=== TASK INPUT ===
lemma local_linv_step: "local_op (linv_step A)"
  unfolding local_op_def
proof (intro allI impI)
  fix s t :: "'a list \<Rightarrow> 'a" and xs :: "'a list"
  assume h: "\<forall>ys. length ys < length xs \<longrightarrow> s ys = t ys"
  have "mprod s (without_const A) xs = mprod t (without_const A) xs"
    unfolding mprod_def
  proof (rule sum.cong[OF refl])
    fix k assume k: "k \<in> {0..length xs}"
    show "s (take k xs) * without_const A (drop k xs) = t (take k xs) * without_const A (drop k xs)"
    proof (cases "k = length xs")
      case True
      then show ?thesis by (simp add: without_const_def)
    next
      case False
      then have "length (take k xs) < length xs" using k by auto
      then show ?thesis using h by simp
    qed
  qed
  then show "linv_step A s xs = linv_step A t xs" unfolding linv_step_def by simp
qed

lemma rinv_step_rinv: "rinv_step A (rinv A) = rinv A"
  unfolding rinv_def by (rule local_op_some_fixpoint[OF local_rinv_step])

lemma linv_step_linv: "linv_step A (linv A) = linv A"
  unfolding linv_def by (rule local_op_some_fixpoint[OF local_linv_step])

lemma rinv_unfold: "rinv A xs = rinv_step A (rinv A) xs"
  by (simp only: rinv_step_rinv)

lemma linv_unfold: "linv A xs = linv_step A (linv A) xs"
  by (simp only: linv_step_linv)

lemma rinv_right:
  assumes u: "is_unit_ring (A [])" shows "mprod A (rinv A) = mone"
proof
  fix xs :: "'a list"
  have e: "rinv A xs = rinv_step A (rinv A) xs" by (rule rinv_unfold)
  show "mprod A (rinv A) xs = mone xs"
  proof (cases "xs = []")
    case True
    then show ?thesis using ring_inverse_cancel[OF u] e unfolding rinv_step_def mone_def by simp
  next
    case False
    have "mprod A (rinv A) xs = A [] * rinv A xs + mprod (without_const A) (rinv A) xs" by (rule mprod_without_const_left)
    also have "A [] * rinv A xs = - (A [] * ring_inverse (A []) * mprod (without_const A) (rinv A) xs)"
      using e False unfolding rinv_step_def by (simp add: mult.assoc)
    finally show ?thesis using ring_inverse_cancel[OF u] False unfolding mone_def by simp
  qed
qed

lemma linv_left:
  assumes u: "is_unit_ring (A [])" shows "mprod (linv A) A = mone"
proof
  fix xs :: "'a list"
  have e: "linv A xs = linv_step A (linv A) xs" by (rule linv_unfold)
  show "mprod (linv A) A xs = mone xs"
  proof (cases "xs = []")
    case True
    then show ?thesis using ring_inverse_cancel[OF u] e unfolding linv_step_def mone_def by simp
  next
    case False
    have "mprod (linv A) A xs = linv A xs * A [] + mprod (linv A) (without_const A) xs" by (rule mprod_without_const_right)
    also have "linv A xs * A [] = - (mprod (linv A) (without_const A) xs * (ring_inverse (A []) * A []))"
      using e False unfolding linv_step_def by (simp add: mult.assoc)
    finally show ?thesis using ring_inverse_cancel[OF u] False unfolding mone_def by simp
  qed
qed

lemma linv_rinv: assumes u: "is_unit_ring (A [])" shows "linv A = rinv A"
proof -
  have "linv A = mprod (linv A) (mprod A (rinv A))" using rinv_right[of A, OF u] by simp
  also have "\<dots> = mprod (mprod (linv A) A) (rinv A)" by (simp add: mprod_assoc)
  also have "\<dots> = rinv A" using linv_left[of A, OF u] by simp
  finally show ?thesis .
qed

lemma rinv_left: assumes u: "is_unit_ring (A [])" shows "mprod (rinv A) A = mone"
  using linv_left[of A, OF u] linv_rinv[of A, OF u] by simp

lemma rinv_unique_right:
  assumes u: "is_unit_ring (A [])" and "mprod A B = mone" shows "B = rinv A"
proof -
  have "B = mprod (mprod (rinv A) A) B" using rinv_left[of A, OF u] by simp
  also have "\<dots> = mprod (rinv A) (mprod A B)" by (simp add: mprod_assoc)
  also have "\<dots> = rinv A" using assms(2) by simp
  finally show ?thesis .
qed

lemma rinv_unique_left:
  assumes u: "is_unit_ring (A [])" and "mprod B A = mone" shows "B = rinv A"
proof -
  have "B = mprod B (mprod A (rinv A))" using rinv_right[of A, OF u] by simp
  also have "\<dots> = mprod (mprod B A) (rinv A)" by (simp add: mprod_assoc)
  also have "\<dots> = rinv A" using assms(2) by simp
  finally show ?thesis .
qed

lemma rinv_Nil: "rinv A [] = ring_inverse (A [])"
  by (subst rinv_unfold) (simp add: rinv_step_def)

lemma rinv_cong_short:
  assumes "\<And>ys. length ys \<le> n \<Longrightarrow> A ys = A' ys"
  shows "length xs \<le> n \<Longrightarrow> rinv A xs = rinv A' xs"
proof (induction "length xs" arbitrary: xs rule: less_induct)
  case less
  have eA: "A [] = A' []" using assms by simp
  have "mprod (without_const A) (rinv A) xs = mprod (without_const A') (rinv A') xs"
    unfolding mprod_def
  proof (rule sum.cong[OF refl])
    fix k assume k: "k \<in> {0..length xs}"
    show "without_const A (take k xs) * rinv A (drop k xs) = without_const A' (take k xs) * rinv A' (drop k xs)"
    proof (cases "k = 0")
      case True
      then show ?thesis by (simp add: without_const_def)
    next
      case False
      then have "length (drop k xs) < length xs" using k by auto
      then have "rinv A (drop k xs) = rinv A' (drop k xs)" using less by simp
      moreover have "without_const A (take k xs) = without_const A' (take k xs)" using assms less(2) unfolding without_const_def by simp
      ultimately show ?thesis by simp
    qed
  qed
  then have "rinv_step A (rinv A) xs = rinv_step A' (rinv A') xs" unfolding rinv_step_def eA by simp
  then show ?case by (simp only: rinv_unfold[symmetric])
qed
===
→ WHAT YOU WILL DO: Go back to the start of the listing above. Reproduce each line exactly, ending with the line that contains "[] * ring_inverse".

→ EXPECTED ANSWER:
lemma local_linv_step: "local_op (linv_step A)"
  unfolding local_op_def
proof (intro allI impI)
  fix s t :: "'a list \<Rightarrow> 'a" and xs :: "'a list"
  assume h: "\<forall>ys. length ys < length xs \<longrightarrow> s ys = t ys"
  have "mprod s (without_const A) xs = mprod t (without_const A) xs"
    unfolding mprod_def
  proof (rule sum.cong[OF refl])
    fix k assume k: "k \<in> {0..length xs}"
    show "s (take k xs) * without_const A (drop k xs) = t (take k xs) * without_const A (drop k xs)"
    proof (cases "k = length xs")
      case True
      then show ?thesis by (simp add: without_const_def)
    next
      case False
      then have "length (take k xs) < length xs" using k by auto
      then show ?thesis using h by simp
    qed
  qed
  then show "linv_step A s xs = linv_step A t xs" unfolding linv_step_def by simp
qed

lemma rinv_step_rinv: "rinv_step A (rinv A) = rinv A"
  unfolding rinv_def by (rule local_op_some_fixpoint[OF local_rinv_step])

lemma linv_step_linv: "linv_step A (linv A) = linv A"
  unfolding linv_def by (rule local_op_some_fixpoint[OF local_linv_step])

lemma rinv_unfold: "rinv A xs = rinv_step A (rinv A) xs"
  by (simp only: rinv_step_rinv)

lemma linv_unfold: "linv A xs = linv_step A (linv A) xs"
  by (simp only: linv_step_linv)

lemma rinv_right:
  assumes u: "is_unit_ring (A [])" shows "mprod A (rinv A) = mone"
proof
  fix xs :: "'a list"
  have e: "rinv A xs = rinv_step A (rinv A) xs" by (rule rinv_unfold)
  show "mprod A (rinv A) xs = mone xs"
  proof (cases "xs = []")
    case True
    then show ?thesis using ring_inverse_cancel[OF u] e unfolding rinv_step_def mone_def by simp
  next
    case False
    have "mprod A (rinv A) xs = A [] * rinv A xs + mprod (without_const A) (rinv A) xs" by (rule mprod_without_const_left)
    also have "A [] * rinv A xs = - (A [] * ring_inverse (A []) * mprod (without_const A) (rinv A) xs)"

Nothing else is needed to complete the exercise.